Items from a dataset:
---*---
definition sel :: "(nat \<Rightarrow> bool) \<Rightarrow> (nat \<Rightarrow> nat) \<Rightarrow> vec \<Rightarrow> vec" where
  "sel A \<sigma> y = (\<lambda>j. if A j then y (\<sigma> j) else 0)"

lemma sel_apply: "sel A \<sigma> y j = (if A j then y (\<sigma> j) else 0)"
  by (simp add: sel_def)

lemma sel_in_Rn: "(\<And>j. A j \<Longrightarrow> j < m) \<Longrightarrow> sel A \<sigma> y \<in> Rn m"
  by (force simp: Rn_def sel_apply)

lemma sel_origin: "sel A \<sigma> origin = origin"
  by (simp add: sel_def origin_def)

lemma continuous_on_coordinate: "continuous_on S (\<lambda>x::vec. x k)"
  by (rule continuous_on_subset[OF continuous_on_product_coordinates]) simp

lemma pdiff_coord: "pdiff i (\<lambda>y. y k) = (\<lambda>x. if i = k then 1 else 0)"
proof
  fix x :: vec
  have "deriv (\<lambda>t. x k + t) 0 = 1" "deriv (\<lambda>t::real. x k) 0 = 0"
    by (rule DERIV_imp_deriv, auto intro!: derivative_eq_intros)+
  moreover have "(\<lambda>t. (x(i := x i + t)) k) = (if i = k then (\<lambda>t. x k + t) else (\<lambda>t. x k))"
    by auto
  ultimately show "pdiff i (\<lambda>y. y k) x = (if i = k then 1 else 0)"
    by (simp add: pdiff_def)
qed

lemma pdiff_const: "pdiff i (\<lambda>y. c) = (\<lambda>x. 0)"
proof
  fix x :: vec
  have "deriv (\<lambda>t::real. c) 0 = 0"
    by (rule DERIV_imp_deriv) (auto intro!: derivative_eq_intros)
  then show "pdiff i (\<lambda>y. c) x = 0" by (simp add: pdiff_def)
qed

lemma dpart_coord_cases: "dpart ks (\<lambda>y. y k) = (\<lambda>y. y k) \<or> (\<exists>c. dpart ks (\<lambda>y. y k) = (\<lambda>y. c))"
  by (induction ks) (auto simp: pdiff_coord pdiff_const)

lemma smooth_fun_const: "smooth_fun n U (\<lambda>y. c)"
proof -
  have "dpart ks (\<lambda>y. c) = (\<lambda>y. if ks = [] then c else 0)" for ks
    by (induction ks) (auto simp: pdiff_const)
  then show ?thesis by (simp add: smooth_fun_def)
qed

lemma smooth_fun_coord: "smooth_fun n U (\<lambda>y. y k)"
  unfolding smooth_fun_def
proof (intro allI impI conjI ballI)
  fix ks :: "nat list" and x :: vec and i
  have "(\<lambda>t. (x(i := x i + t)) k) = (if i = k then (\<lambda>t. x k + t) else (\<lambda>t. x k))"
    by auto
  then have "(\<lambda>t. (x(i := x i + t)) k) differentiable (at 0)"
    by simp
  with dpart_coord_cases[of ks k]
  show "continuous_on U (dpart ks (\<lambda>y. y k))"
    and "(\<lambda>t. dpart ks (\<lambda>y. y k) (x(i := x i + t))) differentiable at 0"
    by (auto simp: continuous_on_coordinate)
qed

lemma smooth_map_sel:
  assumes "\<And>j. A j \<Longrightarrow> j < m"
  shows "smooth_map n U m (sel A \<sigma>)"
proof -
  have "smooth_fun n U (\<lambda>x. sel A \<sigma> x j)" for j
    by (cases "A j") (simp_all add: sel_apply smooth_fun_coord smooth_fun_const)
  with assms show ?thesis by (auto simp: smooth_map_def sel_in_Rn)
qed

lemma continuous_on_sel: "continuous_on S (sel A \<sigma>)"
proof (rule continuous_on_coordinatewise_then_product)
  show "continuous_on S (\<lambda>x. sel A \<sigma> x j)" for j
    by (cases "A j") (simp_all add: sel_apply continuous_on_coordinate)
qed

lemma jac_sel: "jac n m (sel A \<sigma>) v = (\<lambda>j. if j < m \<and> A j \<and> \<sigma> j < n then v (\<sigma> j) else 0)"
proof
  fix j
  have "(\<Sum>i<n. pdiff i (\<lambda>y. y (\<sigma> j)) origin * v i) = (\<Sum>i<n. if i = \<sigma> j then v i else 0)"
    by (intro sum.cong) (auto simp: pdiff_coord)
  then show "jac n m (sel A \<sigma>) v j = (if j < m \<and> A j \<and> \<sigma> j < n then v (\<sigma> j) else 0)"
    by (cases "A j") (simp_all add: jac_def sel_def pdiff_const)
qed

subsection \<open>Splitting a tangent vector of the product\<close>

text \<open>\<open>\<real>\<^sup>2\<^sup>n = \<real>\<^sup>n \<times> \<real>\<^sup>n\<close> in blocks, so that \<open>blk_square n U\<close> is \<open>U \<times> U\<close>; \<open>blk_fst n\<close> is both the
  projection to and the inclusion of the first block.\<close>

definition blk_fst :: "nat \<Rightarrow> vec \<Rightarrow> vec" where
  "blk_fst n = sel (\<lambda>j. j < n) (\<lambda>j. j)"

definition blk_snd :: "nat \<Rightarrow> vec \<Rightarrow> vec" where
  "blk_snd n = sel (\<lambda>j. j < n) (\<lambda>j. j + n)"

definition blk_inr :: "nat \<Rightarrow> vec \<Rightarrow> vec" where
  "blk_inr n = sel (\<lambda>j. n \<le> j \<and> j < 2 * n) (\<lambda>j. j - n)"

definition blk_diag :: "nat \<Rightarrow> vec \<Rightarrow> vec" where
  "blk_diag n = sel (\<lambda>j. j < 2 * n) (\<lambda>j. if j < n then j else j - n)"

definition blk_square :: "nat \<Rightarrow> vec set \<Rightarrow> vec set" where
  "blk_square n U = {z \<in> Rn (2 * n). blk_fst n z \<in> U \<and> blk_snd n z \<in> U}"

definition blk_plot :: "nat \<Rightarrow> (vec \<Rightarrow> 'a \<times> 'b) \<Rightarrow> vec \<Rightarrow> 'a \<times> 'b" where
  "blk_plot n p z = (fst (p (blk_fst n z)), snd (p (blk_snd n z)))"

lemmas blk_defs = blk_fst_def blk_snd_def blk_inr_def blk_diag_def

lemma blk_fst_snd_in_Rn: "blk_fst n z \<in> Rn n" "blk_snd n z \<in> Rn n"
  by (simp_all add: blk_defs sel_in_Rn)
---*---
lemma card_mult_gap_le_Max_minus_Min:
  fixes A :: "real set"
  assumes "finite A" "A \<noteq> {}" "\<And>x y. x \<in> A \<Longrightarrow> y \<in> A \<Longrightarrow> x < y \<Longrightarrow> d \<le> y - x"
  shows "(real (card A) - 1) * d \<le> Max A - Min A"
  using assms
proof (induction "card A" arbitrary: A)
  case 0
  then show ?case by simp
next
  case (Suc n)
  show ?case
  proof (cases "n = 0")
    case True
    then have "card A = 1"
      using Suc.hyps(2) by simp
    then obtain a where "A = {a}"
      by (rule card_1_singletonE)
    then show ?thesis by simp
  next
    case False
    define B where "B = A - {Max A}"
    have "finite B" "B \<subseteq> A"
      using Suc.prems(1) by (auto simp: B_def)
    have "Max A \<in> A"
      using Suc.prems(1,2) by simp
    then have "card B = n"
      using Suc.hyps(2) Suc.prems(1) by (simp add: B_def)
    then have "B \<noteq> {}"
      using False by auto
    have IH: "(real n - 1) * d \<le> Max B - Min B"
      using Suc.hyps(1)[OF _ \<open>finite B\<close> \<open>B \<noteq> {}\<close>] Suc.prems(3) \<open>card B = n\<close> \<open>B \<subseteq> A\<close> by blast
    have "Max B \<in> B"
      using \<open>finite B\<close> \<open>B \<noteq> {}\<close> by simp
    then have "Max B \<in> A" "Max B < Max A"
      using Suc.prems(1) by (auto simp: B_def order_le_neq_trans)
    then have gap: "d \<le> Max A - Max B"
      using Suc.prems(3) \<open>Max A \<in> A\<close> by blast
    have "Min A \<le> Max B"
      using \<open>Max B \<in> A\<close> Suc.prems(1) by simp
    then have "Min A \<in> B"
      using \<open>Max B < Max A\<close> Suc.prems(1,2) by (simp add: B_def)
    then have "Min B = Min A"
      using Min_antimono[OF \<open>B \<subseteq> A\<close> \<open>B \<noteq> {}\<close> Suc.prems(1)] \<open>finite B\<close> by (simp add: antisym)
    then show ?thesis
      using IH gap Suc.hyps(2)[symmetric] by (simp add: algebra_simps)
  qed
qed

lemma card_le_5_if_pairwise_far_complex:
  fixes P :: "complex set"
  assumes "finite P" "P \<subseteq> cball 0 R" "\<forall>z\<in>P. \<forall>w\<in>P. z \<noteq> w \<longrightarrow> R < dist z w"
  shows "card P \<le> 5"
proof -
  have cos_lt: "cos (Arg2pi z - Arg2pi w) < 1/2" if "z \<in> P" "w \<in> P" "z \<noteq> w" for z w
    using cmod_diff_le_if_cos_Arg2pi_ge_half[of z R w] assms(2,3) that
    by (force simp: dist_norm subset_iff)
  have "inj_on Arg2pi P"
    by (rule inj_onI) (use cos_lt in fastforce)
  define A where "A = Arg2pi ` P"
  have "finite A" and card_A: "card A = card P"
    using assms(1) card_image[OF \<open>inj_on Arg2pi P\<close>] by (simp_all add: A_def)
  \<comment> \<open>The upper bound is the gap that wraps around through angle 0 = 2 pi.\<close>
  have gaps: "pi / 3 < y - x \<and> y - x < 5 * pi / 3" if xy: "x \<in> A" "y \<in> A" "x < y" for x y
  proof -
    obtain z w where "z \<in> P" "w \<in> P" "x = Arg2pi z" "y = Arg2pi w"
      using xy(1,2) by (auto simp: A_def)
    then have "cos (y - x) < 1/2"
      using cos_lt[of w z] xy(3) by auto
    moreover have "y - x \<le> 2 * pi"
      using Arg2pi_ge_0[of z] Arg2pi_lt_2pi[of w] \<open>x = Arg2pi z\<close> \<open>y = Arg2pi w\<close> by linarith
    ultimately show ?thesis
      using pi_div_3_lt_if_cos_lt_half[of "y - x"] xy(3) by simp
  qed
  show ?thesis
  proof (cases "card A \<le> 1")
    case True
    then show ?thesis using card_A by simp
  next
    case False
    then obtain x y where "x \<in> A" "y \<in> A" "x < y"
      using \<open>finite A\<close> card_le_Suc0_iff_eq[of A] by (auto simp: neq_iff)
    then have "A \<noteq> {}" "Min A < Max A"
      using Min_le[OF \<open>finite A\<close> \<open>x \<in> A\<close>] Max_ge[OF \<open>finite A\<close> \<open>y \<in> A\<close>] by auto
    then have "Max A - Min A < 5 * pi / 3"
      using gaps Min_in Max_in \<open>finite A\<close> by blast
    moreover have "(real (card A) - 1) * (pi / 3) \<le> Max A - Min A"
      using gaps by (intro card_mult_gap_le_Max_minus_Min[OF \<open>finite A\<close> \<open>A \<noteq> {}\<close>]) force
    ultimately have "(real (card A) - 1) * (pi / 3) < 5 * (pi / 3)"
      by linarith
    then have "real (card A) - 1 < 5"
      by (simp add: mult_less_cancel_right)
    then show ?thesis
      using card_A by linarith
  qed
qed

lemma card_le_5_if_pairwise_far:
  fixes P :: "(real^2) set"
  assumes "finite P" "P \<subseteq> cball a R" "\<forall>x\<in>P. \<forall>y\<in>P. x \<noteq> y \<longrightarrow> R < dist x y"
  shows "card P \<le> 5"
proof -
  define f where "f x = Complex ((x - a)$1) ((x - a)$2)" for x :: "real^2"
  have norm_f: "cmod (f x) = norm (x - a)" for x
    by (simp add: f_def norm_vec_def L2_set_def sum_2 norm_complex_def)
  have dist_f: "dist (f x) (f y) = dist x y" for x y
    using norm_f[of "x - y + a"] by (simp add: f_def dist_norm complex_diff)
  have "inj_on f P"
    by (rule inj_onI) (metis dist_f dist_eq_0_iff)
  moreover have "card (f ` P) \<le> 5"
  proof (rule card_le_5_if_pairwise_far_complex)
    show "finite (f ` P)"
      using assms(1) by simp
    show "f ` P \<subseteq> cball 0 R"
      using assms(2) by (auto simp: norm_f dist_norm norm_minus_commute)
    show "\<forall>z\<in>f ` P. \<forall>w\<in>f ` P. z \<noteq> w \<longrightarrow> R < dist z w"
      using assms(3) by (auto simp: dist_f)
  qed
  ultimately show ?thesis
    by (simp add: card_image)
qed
---*---
Description of the task » Go through the data and gather every line that holds "times".

Exercise result »
text \<open>\<open>\<real>\<^sup>2\<^sup>n = \<real>\<^sup>n \<times> \<real>\<^sup>n\<close> in blocks, so that \<open>blk_square n U\<close> is \<open>U \<times> U\<close>; \<open>blk_fst n\<close> is both the
definition blk_plot :: "nat \<Rightarrow> (vec \<Rightarrow> 'a \<times> 'b) \<Rightarrow> vec \<Rightarrow> 'a \<times> 'b" where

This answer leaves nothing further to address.